* **Exercise description**: Establish how many lines in the entries hold the string "lemma". The number by itself is the whole answer.

* **Material for this exercise**:

lemma has_derivative_vec_nth [derivative_intros]:
  "((\<lambda>x::'a::real_normed_vector^'n. x $ i) has_derivative (\<lambda>y. y $ i)) F"
  by (rule bounded_linear_imp_has_derivative[OF bounded_linear_vec_nth])

lemma affine_vf_E1:
  "affine_vf (E1 m1 m3 m4) p = vector
     [-2 * of_real m1 * p$1 + (of_real m3 - \<i> * of_real m4) * p$2 + \<i> * (of_real m1)^2 * p$3 + 1,
      0, 4 * \<i> * p$1 + 2 * of_real m1 * p$3]"
  unfolding affine_vf_def E1_def mat4_def hom_coords_def matrix_vector_mult_def by (simp add: sum_4)

lemma affine_vf_E2: "affine_vf E2 p = vector [\<i>, 0, 0]"
  unfolding affine_vf_def E2_def mat4_def hom_coords_def matrix_vector_mult_def by (simp add: sum_4)

lemma affine_vf_E3:
  "affine_vf (E3 m1 m3) p = vector
     [3/2 * of_real m3 * p$1 - of_real m1 * p$2 + \<i>/4 * of_real m1 * of_real m3 * p$3,
      of_real m3 * p$2 + 1, 2 * \<i> * p$2 + 2 * of_real m3 * p$3]"
  unfolding affine_vf_def E3_def mat4_def hom_coords_def matrix_vector_mult_def by (simp add: sum_4)

lemma affine_vf_E4:
  "affine_vf (E4 m1 m4) p = vector
     [3/2 * of_real m4 * p$1 + \<i> * of_real m1 * p$2 + \<i>/4 * of_real m1 * of_real m4 * p$3,
      of_real m4 * p$2 + \<i>, 2 * p$2 + 2 * of_real m4 * p$3]"
  unfolding affine_vf_def E4_def mat4_def hom_coords_def matrix_vector_mult_def by (simp add: sum_4)

lemma affine_vf_E5: "affine_vf E5 p = vector [0, 0, 1]"
  unfolding affine_vf_def E5_def mat4_def hom_coords_def matrix_vector_mult_def by (simp add: sum_4)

* **Result for this task**: 6